**WHAT TO DO:**
If a line comes after the one containing "(v - p1) \<le>", leave it out; copy every line before it, and that line too, exactly as written, starting from the first line of the entries.

RECORDS FOR THIS EXERCISE Start Marker

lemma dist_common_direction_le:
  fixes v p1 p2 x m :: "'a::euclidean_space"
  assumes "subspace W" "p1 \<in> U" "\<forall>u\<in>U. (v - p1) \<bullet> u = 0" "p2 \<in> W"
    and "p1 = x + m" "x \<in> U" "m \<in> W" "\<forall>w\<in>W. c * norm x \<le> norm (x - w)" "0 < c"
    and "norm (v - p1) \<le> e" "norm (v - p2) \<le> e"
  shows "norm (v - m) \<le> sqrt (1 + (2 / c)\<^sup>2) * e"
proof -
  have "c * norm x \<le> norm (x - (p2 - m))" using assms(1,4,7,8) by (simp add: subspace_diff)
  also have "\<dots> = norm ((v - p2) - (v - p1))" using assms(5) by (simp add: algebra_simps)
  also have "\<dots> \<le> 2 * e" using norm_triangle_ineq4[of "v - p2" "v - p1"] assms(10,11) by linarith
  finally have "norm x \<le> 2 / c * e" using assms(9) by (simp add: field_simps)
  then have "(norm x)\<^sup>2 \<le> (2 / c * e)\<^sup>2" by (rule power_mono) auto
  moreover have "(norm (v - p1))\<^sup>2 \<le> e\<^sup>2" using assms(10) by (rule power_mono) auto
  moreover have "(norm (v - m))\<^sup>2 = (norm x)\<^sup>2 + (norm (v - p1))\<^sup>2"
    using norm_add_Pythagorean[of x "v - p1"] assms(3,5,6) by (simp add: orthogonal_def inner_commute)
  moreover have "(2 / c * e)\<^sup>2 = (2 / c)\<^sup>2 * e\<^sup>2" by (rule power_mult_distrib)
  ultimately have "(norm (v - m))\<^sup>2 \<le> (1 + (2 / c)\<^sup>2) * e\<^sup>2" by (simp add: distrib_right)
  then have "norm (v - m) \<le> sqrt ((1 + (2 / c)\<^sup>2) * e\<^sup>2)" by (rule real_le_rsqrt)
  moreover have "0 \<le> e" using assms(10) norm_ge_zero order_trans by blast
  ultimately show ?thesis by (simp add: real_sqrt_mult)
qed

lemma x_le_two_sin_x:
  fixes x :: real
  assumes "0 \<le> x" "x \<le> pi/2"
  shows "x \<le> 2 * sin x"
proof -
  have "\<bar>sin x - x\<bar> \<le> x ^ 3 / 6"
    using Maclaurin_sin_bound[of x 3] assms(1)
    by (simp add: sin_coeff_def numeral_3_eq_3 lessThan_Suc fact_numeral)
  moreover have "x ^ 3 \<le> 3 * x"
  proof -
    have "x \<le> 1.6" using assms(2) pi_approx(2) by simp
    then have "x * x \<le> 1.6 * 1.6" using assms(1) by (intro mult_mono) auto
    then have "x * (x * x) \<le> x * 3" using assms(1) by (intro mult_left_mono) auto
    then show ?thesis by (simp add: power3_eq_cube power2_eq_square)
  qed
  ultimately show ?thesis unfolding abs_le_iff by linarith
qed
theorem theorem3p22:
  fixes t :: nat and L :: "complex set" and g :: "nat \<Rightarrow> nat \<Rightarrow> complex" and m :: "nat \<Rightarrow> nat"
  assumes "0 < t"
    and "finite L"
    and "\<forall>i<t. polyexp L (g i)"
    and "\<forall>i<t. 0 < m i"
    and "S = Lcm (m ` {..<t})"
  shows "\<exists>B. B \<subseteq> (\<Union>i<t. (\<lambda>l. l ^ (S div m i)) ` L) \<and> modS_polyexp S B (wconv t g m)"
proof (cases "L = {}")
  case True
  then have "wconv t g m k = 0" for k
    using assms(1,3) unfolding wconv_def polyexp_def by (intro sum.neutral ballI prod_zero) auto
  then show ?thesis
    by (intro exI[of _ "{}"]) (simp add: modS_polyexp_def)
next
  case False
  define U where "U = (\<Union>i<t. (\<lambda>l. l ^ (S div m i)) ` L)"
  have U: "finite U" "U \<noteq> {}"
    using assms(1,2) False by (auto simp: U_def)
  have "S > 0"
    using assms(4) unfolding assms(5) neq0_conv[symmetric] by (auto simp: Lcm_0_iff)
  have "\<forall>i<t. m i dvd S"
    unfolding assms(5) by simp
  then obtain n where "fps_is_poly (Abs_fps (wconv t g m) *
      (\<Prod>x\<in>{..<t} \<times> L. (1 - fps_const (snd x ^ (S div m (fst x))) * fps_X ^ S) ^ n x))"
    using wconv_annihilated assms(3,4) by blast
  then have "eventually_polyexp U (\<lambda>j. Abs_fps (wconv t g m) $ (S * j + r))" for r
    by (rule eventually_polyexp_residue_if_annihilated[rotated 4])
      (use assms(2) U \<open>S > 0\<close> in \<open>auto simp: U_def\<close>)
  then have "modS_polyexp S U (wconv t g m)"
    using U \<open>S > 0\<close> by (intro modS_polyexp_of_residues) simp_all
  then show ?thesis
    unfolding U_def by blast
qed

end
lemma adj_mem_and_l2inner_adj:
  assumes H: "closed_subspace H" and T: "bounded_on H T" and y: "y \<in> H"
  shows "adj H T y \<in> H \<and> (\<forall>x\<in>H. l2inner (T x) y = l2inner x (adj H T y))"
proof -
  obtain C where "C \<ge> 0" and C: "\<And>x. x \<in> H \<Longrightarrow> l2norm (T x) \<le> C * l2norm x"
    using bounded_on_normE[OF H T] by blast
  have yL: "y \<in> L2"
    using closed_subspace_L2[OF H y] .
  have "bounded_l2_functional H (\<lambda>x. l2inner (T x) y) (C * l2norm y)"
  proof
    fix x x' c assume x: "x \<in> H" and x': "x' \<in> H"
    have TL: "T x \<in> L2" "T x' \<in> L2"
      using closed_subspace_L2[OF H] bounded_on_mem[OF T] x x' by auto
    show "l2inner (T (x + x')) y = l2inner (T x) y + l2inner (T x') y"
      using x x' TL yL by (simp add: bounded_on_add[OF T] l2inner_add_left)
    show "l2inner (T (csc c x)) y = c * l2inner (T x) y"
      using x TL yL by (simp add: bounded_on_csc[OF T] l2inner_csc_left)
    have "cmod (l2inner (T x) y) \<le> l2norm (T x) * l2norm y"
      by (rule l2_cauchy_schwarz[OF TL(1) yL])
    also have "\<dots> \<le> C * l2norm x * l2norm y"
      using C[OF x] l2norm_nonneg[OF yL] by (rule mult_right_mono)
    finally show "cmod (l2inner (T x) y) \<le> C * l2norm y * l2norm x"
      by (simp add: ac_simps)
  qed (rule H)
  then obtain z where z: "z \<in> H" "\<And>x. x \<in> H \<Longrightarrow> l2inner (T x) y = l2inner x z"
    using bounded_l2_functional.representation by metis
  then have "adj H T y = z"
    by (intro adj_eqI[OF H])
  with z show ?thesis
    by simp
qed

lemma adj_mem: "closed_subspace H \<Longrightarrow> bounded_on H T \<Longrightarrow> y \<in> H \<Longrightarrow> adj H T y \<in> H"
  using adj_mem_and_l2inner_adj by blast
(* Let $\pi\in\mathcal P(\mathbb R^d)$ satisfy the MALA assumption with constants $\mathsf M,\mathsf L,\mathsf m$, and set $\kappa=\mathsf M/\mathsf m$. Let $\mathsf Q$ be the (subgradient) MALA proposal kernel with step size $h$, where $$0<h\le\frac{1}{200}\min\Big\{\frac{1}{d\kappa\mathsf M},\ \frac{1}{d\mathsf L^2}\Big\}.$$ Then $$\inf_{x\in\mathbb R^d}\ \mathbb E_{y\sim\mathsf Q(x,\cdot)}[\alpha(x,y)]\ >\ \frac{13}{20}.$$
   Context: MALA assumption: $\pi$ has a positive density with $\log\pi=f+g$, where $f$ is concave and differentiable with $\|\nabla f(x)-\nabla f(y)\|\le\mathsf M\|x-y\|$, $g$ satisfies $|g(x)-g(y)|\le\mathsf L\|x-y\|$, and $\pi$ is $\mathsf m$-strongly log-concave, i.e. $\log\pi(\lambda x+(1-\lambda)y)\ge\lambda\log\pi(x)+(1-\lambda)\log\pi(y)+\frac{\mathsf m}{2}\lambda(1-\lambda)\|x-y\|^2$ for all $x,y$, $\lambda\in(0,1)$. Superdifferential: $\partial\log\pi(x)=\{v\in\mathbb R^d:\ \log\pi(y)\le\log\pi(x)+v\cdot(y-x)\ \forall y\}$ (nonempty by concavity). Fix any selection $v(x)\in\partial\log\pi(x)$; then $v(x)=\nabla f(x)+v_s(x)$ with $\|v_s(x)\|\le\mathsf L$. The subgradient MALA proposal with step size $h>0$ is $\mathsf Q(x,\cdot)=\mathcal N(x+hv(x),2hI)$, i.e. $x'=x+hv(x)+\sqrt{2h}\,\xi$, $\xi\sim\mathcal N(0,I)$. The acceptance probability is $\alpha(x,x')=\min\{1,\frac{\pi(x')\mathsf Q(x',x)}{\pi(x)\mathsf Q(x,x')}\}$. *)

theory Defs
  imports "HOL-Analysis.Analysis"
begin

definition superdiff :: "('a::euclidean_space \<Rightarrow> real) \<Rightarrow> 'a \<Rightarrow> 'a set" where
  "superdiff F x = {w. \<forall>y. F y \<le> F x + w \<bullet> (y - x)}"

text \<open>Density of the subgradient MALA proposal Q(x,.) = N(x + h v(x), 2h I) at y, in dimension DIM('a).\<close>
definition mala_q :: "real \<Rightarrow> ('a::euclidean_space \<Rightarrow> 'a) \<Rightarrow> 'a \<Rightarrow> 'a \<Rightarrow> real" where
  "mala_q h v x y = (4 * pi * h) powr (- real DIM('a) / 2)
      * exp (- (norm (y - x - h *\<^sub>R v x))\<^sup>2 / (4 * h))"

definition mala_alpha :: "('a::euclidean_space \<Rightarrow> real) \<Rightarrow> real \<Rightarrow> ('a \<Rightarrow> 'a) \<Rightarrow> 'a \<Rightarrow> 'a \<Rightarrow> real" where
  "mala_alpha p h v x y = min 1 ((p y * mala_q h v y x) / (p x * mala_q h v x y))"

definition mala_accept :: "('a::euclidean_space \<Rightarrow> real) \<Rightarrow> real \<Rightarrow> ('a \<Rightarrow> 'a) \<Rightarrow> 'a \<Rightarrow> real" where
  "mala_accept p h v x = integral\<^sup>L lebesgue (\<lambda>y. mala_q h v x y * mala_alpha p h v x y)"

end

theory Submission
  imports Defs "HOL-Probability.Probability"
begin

RECORDS FOR THIS EXERCISE End Marker

**ANSWER FOR THE TASK:**
lemma dist_common_direction_le:
  fixes v p1 p2 x m :: "'a::euclidean_space"
  assumes "subspace W" "p1 \<in> U" "\<forall>u\<in>U. (v - p1) \<bullet> u = 0" "p2 \<in> W"
    and "p1 = x + m" "x \<in> U" "m \<in> W" "\<forall>w\<in>W. c * norm x \<le> norm (x - w)" "0 < c"
    and "norm (v - p1) \<le> e" "norm (v - p2) \<le> e"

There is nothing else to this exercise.